The following data has a line with "using inner_matrix_vector_symmetric[OF sym, of" and a line with "unfolding quadratic_form_def using Mw". Write out exactly those lines and all the lines between them.

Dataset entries
-- Opening Marker --

lemma additive_eq_if_eq_on_point_dists:
  assumes A\<phi>: "additivity n \<phi>" and A\<psi>: "additivity n \<psi>"
    and point: "\<And>S. S \<subseteq> ground n \<Longrightarrow> \<phi> (point_dist S) i = \<psi> (point_dist S) i"
    and p: "is_dist n p" and i: "i \<in> ground n"
  shows "\<phi> p i = \<psi> p i"
proof -
  have supported: "\<phi> p i = \<psi> p i"
    if "finite F" "is_dist n p" "\<And>S. S \<notin> F \<Longrightarrow> p S = 0" for F p
    using that
  proof (induction F arbitrary: p rule: finite_induct)
    case empty
    then have "(\<Sum>S\<in>Pow (ground n). p S) = 0" by (intro sum.neutral) blast
    with dist_sum_eq_1[OF empty.prems(1)] show ?case by linarith
  next
    case (insert S0 F)
    note p = \<open>is_dist n p\<close>
    consider "p S0 = 0" | "p S0 = 1" | "p S0 \<noteq> 0" "p S0 \<noteq> 1" by blast
    then show ?case
    proof cases
      case 1
      have "p S = 0" if "S \<notin> F" for S
        using insert.prems(2)[of S] 1 that by (cases "S = S0") auto
      then show ?thesis by (rule insert.IH[OF p])
    next
      case 2
      then have "S0 \<subseteq> ground n" using support_subset_ground[OF p] by simp
      then show ?thesis using point dist_eq_point_dist[OF p 2] by simp
    next
      case 3
      have S0: "S0 \<subseteq> ground n" using support_subset_ground[OF p 3(1)] .
      have lt: "p S0 < 1" using dist_mass_le_1[OF p, of S0] 3(2) by linarith
      obtain q where q: "is_dist n q" "q S0 = 0" "\<And>S. p S = 0 \<Longrightarrow> q S = 0"
        and p_eq: "p = mixture (p S0) (point_dist S0) (1 - p S0) q"
        by (rule dist_decompose_point_dist[OF p S0 lt]) (rule that)
      have "q S = 0" if "S \<notin> F" for S
        using insert.prems(2)[of S] q(2,3) that by (cases "S = S0") auto
      then have IH: "\<phi> q i = \<psi> q i" by (rule insert.IH[OF q(1)])
      have mix: "\<chi> p i = p S0 * \<chi> (point_dist S0) i + (1 - p S0) * \<chi> q i"
        if "additivity n \<chi>" for \<chi>
      proof -
        have "\<chi> (mixture (p S0) (point_dist S0) (1 - p S0) q) i
            = p S0 * \<chi> (point_dist S0) i + (1 - p S0) * \<chi> q i"
          using lt by (intro additivityD[OF that i is_dist_point_dist[OF S0] q(1)
              dist_nonneg[OF p]]) simp_all
        then show ?thesis by (simp only: p_eq[symmetric])
      qed
      show ?thesis using mix[OF A\<phi>] mix[OF A\<psi>] point[OF S0] IH by simp
    qed
  qed
  have "p S = 0" if "S \<notin> Pow (ground n)" for S
    using support_subset_ground[OF p, of S] that by auto
  then show ?thesis by (intro supported[of "Pow (ground n)", OF _ p]) simp_all
qed
(* Let $(\mathbb{X},\dagger)$ be a Moore-Penrose dagger additive category. If $\begin{bmatrix}\alpha&\beta\\ \beta^\dagger&\delta\end{bmatrix}:B\oplus C\to B\oplus C$ is $\dagger$-positive, then $m=\beta^\dagger\circ\alpha^\circ$ is a conditional generator of it, where $\alpha^\circ$ is the Moore-Penrose inverse of $\alpha$.
   Context: A dagger additive category is a dagger category (contravariant identity-on-objects involutive functor $\dagger$) whose hom-sets are abelian groups with bilinear composition and additive $\dagger$, having a zero object and finite biproducts whose projections $\pi_j$ and injections $\iota_j$ satisfy $\pi_j^\dagger=\iota_j$. Maps between biproducts are written as matrices; composition is matrix multiplication and $\dagger$ is transpose with entrywise $\dagger$. An endomorphism $p$ is $\dagger$-positive if $p=\phi^\dagger\circ\phi$ for some map $\phi$. A Moore-Penrose inverse of $f:A\to B$ is a map $f^\circ:B\to A$ with $f f^\circ f=f$, $f^\circ f f^\circ=f^\circ$, $(f f^\circ)^\dagger=f f^\circ$, $(f^\circ f)^\dagger=f^\circ f$ (it is unique when it exists); a Moore-Penrose dagger additive category is one in which every map has a Moore-Penrose inverse. A conditional generator for a $\dagger$-positive map $\begin{bmatrix}\alpha&\beta\\ \beta^\dagger&\delta\end{bmatrix}:B\oplus C\to B\oplus C$ (with $\alpha:B\to B$, $\beta:C\to B$, $\delta:C\to C$) is a map $m:B\to C$ with (i) $m\circ\alpha=\beta^\dagger$ and (ii) $\delta-m\circ\beta$ is $\dagger$-positive. *)

theory Defs
  imports Main
begin
(* Let $F$ be a field of characteristic zero and let $\mathcal{Q}$ be the additive group of rational numbers. Then the only Schur rings over $\mathcal{Q}$ are the group ring $F[\mathcal{Q}]$ and the symmetric Schur ring $F[\mathcal{Q}]^{\pm}$.
   Context: For finite $C\subseteq G$, $\overline{C}=\sum_{g\in C}g\in F[G]$ and $C^*=\{g^{-1}\mid g\in C\}$. A Schur ring over a group $G$ is an $F$-subspace $\mathfrak{S}=\operatorname{Span}_F\{\overline{C}\mid C\in\mathcal{D}(\mathfrak{S})\}$ of $F[G]$ where $\mathcal{D}(\mathfrak{S})$ is a partition of $G$ into finite sets such that (i) $\{1\}\in\mathcal{D}(\mathfrak{S})$; (ii) $C\in\mathcal{D}(\mathfrak{S})\Rightarrow C^*\in\mathcal{D}(\mathfrak{S})$; (iii) for all $C,D\in\mathcal{D}(\mathfrak{S})$, $\overline{C}\,\overline{D}=\sum_{E}\lambda_{CDE}\overline{E}$ with finitely many nonzero $\lambda_{CDE}\in F$. The group ring $F[G]$ is the Schur ring with partition into singletons; for abelian $G$, the symmetric Schur ring $F[G]^{\pm}$ is the Schur ring with partition $\{\{g,g^{-1}\}\mid g\in G\}$. *)

theory Defs
  imports Main "HOL.Rat"
begin

text \<open>The group algebra F[Q] over the additive group of rationals is modelled as
  finitely supported functions rat => F; multiplication is convolution.\<close>

definition group_ring :: "(rat \<Rightarrow> 'f::field) set" where
  "group_ring = {f. finite {x. f x \<noteq> 0}}"

definition conv :: "(rat \<Rightarrow> 'f::field) \<Rightarrow> (rat \<Rightarrow> 'f) \<Rightarrow> rat \<Rightarrow> 'f" where
  "conv f g = (\<lambda>x. \<Sum>y\<in>{y. f y \<noteq> 0}. f y * g (x - y))"
text \<open>
  For a symmetric matrix the largest eigenvalue is the maximum of the Rayleigh quotient, and
  for a nonnegative matrix the maximum is attained at a nonnegative vector. Since
  \<open>A\<^sub>\<alpha> = \<alpha>Q + (1 - 2\<alpha>)A = (1 - \<alpha>)Q + (2\<alpha> - 1)D\<close>, both bounds are the subadditivity of the
  maximum of a sum of quadratic forms, with \<open>\<rho>(D) = \<Delta>\<close>. If equality holds with both
  coefficients positive, a nonnegative maximiser of \<open>A\<^sub>\<alpha>\<close> maximises both summands, so it is a
  common eigenvector of \<open>A\<close> and \<open>D\<close>. On a connected graph a nonnegative eigenvector of \<open>A\<close> has
  no zero entries, and then \<open>Dx = cx\<close> forces all degrees to equal \<open>c\<close>.
\<close>

section \<open>The largest eigenvalue of a symmetric matrix\<close>

definition quadratic_form :: "real^'n^'n \<Rightarrow> real^'n \<Rightarrow> real" where
  "quadratic_form M x = x \<bullet> (M *v x)"

lemma quadratic_form_add: "quadratic_form (M + N) x = quadratic_form M x + quadratic_form N x"
  by (simp add: quadratic_form_def matrix_vector_mult_add_rdistrib inner_add_right)

lemma quadratic_form_scaleR_matrix: "quadratic_form (c *\<^sub>R M) x = c * quadratic_form M x"
  by (simp add: quadratic_form_def scaleR_matrix_vector_assoc[symmetric])

lemma quadratic_form_scaleR: "quadratic_form M (c *\<^sub>R x) = c\<^sup>2 * quadratic_form M x"
  by (simp add: quadratic_form_def matrix_vector_mult_scaleR power2_eq_square)

lemma quadratic_form_eq_sum:
  "quadratic_form M x = (\<Sum>i\<in>UNIV. \<Sum>j\<in>UNIV. x$i * M$i$j * x$j)"
  by (simp add: quadratic_form_def inner_vec_def matrix_vector_mult_def sum_distrib_left mult.assoc)

lemma transpose_add: "transpose (M + N) = transpose M + transpose N"
  by (simp add: transpose_def vec_eq_iff)

lemma inner_matrix_vector_symmetric:
  fixes M :: "real^'n^'n"
  assumes "transpose M = M"
  shows "x \<bullet> (M *v y) = (M *v x) \<bullet> y"
proof -
  have "x \<bullet> (M *v y) = (x v* M) \<bullet> y"
    by (rule dot_lmul_matrix[symmetric])
  also have "x v* M = M *v x"
    using assms by (metis transpose_matrix_vector)
  finally show ?thesis .
qed

lemma quadratic_form_attains_max:
  fixes M :: "real^'n^'n"
  shows "\<exists>x. x \<bullet> x = 1 \<and> (\<forall>y. quadratic_form M y \<le> quadratic_form M x * (y \<bullet> y))"
proof -
  have "continuous_on (sphere 0 1) (quadratic_form M)"
    unfolding quadratic_form_def
    by (intro continuous_intros linear_continuous_on matrix_vector_mul_bounded_linear)
  then obtain x where x: "x \<in> sphere 0 1"
    and max: "\<forall>y\<in>sphere 0 1. quadratic_form M y \<le> quadratic_form M x"
    using continuous_attains_sup[of "sphere 0 1" "quadratic_form M"] compact_sphere by fastforce
  have "quadratic_form M y \<le> quadratic_form M x * (y \<bullet> y)" for y
  proof (cases "y = 0")
    case True
    then show ?thesis by (simp add: quadratic_form_def)
  next
    case False
    then have "quadratic_form M ((1 / norm y) *\<^sub>R y) \<le> quadratic_form M x"
      using max by simp
    then have "(1 / norm y)\<^sup>2 * quadratic_form M y \<le> quadratic_form M x"
      by (simp add: quadratic_form_scaleR)
    moreover have "y \<bullet> y = (norm y)\<^sup>2"
      by (simp add: power2_norm_eq_inner)
    ultimately show ?thesis
      using False by (simp add: field_simps)
  qed
  moreover have "x \<bullet> x = 1"
    using x by (simp add: dot_square_norm)
  ultimately show ?thesis
    by blast
qed

lemma eq_0_if_quadratic_nonpos:
  fixes a K :: real
  assumes "0 \<le> a" and "\<And>t. 2 * t * a + t\<^sup>2 * K \<le> 0"
  shows "a = 0"
proof (rule ccontr)
  assume "a \<noteq> 0"
  with assms(1) have a: "a > 0" by simp
  define t where "t = a / (1 + \<bar>K\<bar>)"
  have t: "t > 0" and "t * \<bar>K\<bar> < a"
    using a by (auto simp: t_def field_simps)
  have "t * (2 * a + t * K) \<le> 0"
    using assms(2)[of t] by (simp add: power2_eq_square algebra_simps)
  then have "2 * a + t * K \<le> 0"
    using t by (simp add: mult_le_0_iff)
  moreover have "- (t * K) \<le> t * \<bar>K\<bar>"
    using t by (simp add: abs_if)
  ultimately show False
    using \<open>t * \<bar>K\<bar> < a\<close> a by linarith
qed

text \<open>The bound along the line \<open>x + tw\<close> with \<open>w = Mx - lx\<close> forces \<open>w \<bullet> w = 0\<close>.\<close>

lemma eigenvector_if_quadratic_form_max:
  fixes M :: "real^'n^'n"
  assumes sym: "transpose M = M"
    and le: "\<And>y. quadratic_form M y \<le> l * (y \<bullet> y)"
    and eq: "quadratic_form M x = l * (x \<bullet> x)"
  shows "M *v x = l *\<^sub>R x"
proof -
  define w where "w = M *v x - l *\<^sub>R x"
  define K where "K = quadratic_form M w - l * (w \<bullet> w)"
  have "2 * t * (w \<bullet> w) + t\<^sup>2 * K \<le> 0" for t
  proof -
    have Mw: "x \<bullet> (M *v w) = w \<bullet> (M *v x)"
      using inner_matrix_vector_symmetric[OF sym, of x w] by (simp add: inner_commute)
    have "quadratic_form M (x + t *\<^sub>R w)
        = quadratic_form M x + 2 * t * (w \<bullet> (M *v x)) + t\<^sup>2 * quadratic_form M w"
      unfolding quadratic_form_def using Mw
      by (simp add: matrix_vector_right_distrib matrix_vector_mult_scaleR inner_add_left
          inner_add_right power2_eq_square inner_commute algebra_simps)
    moreover have "(x + t *\<^sub>R w) \<bullet> (x + t *\<^sub>R w) = x \<bullet> x + 2 * t * (w \<bullet> x) + t\<^sup>2 * (w \<bullet> w)"
      by (simp add: inner_add_left inner_add_right power2_eq_square inner_commute algebra_simps)
    moreover have "w \<bullet> (M *v x) = w \<bullet> w + l * (w \<bullet> x)"
      by (simp add: w_def inner_diff_right inner_diff_left algebra_simps)
    ultimately show ?thesis
      using le[of "x + t *\<^sub>R w"] eq by (simp add: K_def algebra_simps)
  qed
  then have "w \<bullet> w = 0"
    using eq_0_if_quadratic_nonpos[of "w \<bullet> w" K] by simp
  then show ?thesis
    by (simp add: w_def)
qed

-- Closing Marker --

## ANSWER TO THE EXERCISE
      using inner_matrix_vector_symmetric[OF sym, of x w] by (simp add: inner_commute)
    have "quadratic_form M (x + t *\<^sub>R w)
        = quadratic_form M x + 2 * t * (w \<bullet> (M *v x)) + t\<^sup>2 * quadratic_form M w"
      unfolding quadratic_form_def using Mw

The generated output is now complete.